» **What to produce**:
Copy exactly, please, each line of the data below until the line that contains "define \<rho> where" has been copied, beginning at the top.

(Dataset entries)
=== Begin Enclosure ===

lemma fiber_transversal:
  assumes cc: "coherent_config \<Omega> S"
    and ker: "{(x, y). x \<in> \<Omega> \<and> y \<in> \<Omega> \<and> f x = f y} \<in> cc_rels S"
    and inj: "\<forall>G\<in>fibers S. inj_on f G"
  obtains R where "R \<subseteq> fibers S" "inj_on f (\<Union>R)" "f ` \<Union>R = f ` \<Omega>"
    "\<And>G. G \<in> fibers S \<Longrightarrow> \<exists>H\<in>R. f ` H = f ` G"
proof -
  define \<rho> where "\<rho> G = (SOME H. H \<in> fibers S \<and> f ` H = f ` G)" for G
  have \<rho>: "\<rho> G \<in> fibers S \<and> f ` \<rho> G = f ` G" if "G \<in> fibers S" for G
    unfolding \<rho>_def by (rule someI[of _ G]) (use that in simp)
  define R where "R = \<rho> ` fibers S"
  have RF: "R \<subseteq> fibers S" unfolding R_def using \<rho> by blast
  have "inj_on f (\<Union>R)"
  proof (rule inj_onI)
    fix x1 x2 assume "x1 \<in> \<Union>R" "x2 \<in> \<Union>R" and eq: "f x1 = f x2"
    then obtain G1 G2 where G: "G1 \<in> fibers S" "x1 \<in> \<rho> G1" "G2 \<in> fibers S" "x2 \<in> \<rho> G2"
      unfolding R_def by blast
    have "f ` \<rho> G1 = f ` \<rho> G2"
      using fiber_image_eq[OF cc ker _ G(2) _ G(4) eq] \<rho>[OF G(1)] \<rho>[OF G(3)] by blast
    then have "f ` G1 = f ` G2" using \<rho>[OF G(1)] \<rho>[OF G(3)] by simp
    then have "\<rho> G1 = \<rho> G2" unfolding \<rho>_def by (rule arg_cong)
    then have "x1 \<in> \<rho> G1" "x2 \<in> \<rho> G1" "\<rho> G1 \<in> fibers S" using G \<rho>[OF G(1)] by simp_all
    then show "x1 = x2" using inj eq unfolding inj_on_def by blast
  qed
  moreover have "f ` \<Union>R = f ` \<Omega>"
  proof
    show "f ` \<Union>R \<subseteq> f ` \<Omega>" using RF fiber_subset[OF cc] by blast
    show "f ` \<Omega> \<subseteq> f ` \<Union>R"
    proof
      fix a assume "a \<in> f ` \<Omega>"
      then obtain x where x: "x \<in> \<Omega>" "a = f x" by blast
      then obtain G where "G \<in> fibers S" "x \<in> G" using fiber_exists[OF cc] by blast
      then have "a \<in> f ` \<rho> G" "\<rho> G \<in> R" using \<rho> x(2) unfolding R_def by blast+
      then show "a \<in> f ` \<Union>R" by blast
    qed
  qed
  moreover have "\<exists>H\<in>R. f ` H = f ` G" if "G \<in> fibers S" for G
    using \<rho>[OF that] that unfolding R_def by blast
  ultimately show ?thesis by (rule that[OF RF])
qed
lemma convex_fun_add_convex_on:
  fixes f :: "'a::real_vector \<Rightarrow> ereal"
  assumes f: "convex_fun f" and g: "convex_on UNIV g"
  shows "convex_fun (\<lambda>x. f x + ereal (g x))"
  unfolding convex_fun_def
proof (intro allI impI)
  fix x y :: 'a and t :: real
  assume t: "0 \<le> t \<and> t \<le> 1"
  have distrib: "ereal c * (a + ereal b) = ereal c * a + ereal (c * b)" for c b and a :: ereal
    by (cases a) (simp_all add: distrib_left)
  let ?z = "(1 - t) *\<^sub>R x + t *\<^sub>R y"
  have "f ?z + ereal (g ?z) \<le> (ereal (1 - t) * f x + ereal t * f y) + ereal ((1 - t) * g x + t * g y)"
    using t convex_funD[OF f, of t x y] convex_onD[OF g, of t x y] by (intro add_mono) simp_all
  also have "\<dots> = (ereal (1 - t) * f x + ereal ((1 - t) * g x)) + (ereal t * f y + ereal (t * g y))"
    by (simp only: plus_ereal.simps(1)[symmetric] ac_simps)
  also have "\<dots> = ereal (1 - t) * (f x + ereal (g x)) + ereal t * (f y + ereal (g y))"
    by (simp only: distrib)
  finally show "f ?z + ereal (g ?z) \<le> ereal (1 - t) * (f x + ereal (g x)) + ereal t * (f y + ereal (g y))" .
qed

lemma convex_fun_INF_attained:
  fixes H :: "('a::real_vector \<times> 'b::real_vector) \<Rightarrow> ereal"
  assumes cvx: "convex_fun H" and attains: "\<And>z. \<exists>q. (INF q'. H (z, q')) = H (z, q)"
  shows "convex_fun (\<lambda>z. INF q. H (z, q))"
  unfolding convex_fun_def
proof (intro allI impI)
  fix z1 z2 and t :: real
  assume t: "0 \<le> t \<and> t \<le> 1"
  obtain q1 q2 where q1: "(INF q. H (z1, q)) = H (z1, q1)" and q2: "(INF q. H (z2, q)) = H (z2, q2)"
    using attains by metis
  have "(INF q. H ((1 - t) *\<^sub>R z1 + t *\<^sub>R z2, q)) \<le> H ((1 - t) *\<^sub>R z1 + t *\<^sub>R z2, (1 - t) *\<^sub>R q1 + t *\<^sub>R q2)"
    by (rule INF_lower) simp
  also have "\<dots> = H ((1 - t) *\<^sub>R (z1, q1) + t *\<^sub>R (z2, q2))" by simp
  also have "\<dots> \<le> ereal (1 - t) * H (z1, q1) + ereal t * H (z2, q2)"
    using convex_funD[OF cvx] t by blast
  finally show "(INF q. H ((1 - t) *\<^sub>R z1 + t *\<^sub>R z2, q))
      \<le> ereal (1 - t) * (INF q. H (z1, q)) + ereal t * (INF q. H (z2, q))"
    unfolding q1 q2 .
qed

lemma convex_on_norm_square_linear:
  assumes "linear g"
  shows "convex_on UNIV (\<lambda>x. (norm (g x))\<^sup>2)"
proof (rule convex_onI)
  fix t :: real and x y
  assume t: "0 < t" "t < 1"
  have "norm (g ((1 - t) *\<^sub>R x + t *\<^sub>R y)) \<le> (1 - t) * norm (g x) + t * norm (g y)"
    using assms t by (simp add: linear_add linear_scale norm_triangle_le)
  then have "(norm (g ((1 - t) *\<^sub>R x + t *\<^sub>R y)))\<^sup>2 \<le> ((1 - t) * norm (g x) + t * norm (g y))\<^sup>2"
    by (simp add: power_mono)
  also have "\<dots> \<le> (1 - t) * (norm (g x))\<^sup>2 + t * (norm (g y))\<^sup>2"
    using convex_onD[OF convex_power2, of t "norm (g x)" "norm (g y)"] t by simp
  finally show "(norm (g ((1 - t) *\<^sub>R x + t *\<^sub>R y)))\<^sup>2 \<le> (1 - t) * (norm (g x))\<^sup>2 + t * (norm (g y))\<^sup>2" .
qed simp

lemma has_derivative_of_midpoint_convex_quadratic_majorant:
  fixes \<phi> :: "'a::real_normed_vector \<Rightarrow> real"
  assumes D: "bounded_linear D"
    and majorant: "\<And>k. \<phi> (p + k) \<le> \<phi> p + D k + C * (norm k)\<^sup>2"
    and midpoint: "\<And>k. 2 * \<phi> p \<le> \<phi> (p + k) + \<phi> (p - k)"
  shows "(\<phi> has_derivative D) (at p)"
proof -
  \<comment> \<open>Midpoint convexity turns the majorant at \<open>p - k\<close> into a matching minorant at \<open>p + k\<close>.\<close>
  have remainder: "\<bar>\<phi> x - \<phi> p - D (x - p)\<bar> \<le> C * norm (x - p) * norm (x - p)" for x
  proof -
    have "\<phi> (p + (p - x)) \<le> \<phi> p + D (p - x) + C * (norm (p - x))\<^sup>2" by (rule majorant)
    then have "\<phi> (p - (x - p)) \<le> \<phi> p - D (x - p) + C * (norm (x - p))\<^sup>2"
      using linear_diff[OF bounded_linear.linear[OF D]] by (simp add: norm_minus_commute diff_diff_eq2 add_diff_eq)
    moreover have "\<phi> x \<le> \<phi> p + D (x - p) + C * (norm (x - p))\<^sup>2"
      using majorant[of "x - p"] by simp
    moreover have "2 * \<phi> p \<le> \<phi> x + \<phi> (p - (x - p))"
      using midpoint[of "x - p"] by simp
    ultimately show ?thesis by (simp add: abs_le_iff power2_eq_square mult.assoc)
  qed
  have bound: "\<forall>x. norm (norm (\<phi> x - \<phi> p - D (x - p)) / norm (x - p)) \<le> C * norm (x - p)"
  proof
    fix x
    show "norm (norm (\<phi> x - \<phi> p - D (x - p)) / norm (x - p)) \<le> C * norm (x - p)"
    proof (cases "x = p")
      case False
      then show ?thesis using remainder[of x] by (simp add: pos_divide_le_eq)
    qed simp
  qed
  have "((\<lambda>x. C * norm (x - p)) \<longlongrightarrow> C * norm (p - p)) (at p)"
    by (intro tendsto_intros)
  then have "((\<lambda>x. C * norm (x - p)) \<longlongrightarrow> 0) (at p)" by simp
  then have "((\<lambda>x. norm (\<phi> x - \<phi> p - D (x - p)) / norm (x - p)) \<longlongrightarrow> 0) (at p)"
    by (rule Lim_null_comparison[OF always_eventually[OF bound]])
  with D show ?thesis by (simp add: has_derivative_iff_norm)
qed

lemma moreau_le: "moreau \<mu> f p \<le> f q + ereal ((norm (p - q))\<^sup>2 / (2 * \<mu>))"
  unfolding moreau_def by (rule INF_lower) simp

lemma moreau_eq_top_iff: "moreau \<mu> f p = \<infinity> \<longleftrightarrow> (\<forall>q. f q = \<infinity>)"
proof
  assume top: "moreau \<mu> f p = \<infinity>"
  show "\<forall>q. f q = \<infinity>"
  proof
    fix q
    have "\<infinity> \<le> f q + ereal ((norm (p - q))\<^sup>2 / (2 * \<mu>))"
      using moreau_le[of \<mu> f p q] top by simp
    then show "f q = \<infinity>" by (cases "f q") auto
  qed
qed (simp add: moreau_def)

=== End Enclosure ===

» **Solved exercise**:
lemma fiber_transversal:
  assumes cc: "coherent_config \<Omega> S"
    and ker: "{(x, y). x \<in> \<Omega> \<and> y \<in> \<Omega> \<and> f x = f y} \<in> cc_rels S"
    and inj: "\<forall>G\<in>fibers S. inj_on f G"
  obtains R where "R \<subseteq> fibers S" "inj_on f (\<Union>R)" "f ` \<Union>R = f ` \<Omega>"
    "\<And>G. G \<in> fibers S \<Longrightarrow> \<exists>H\<in>R. f ` H = f ` G"
proof -
  define \<rho> where "\<rho> G = (SOME H. H \<in> fibers S \<and> f ` H = f ` G)" for G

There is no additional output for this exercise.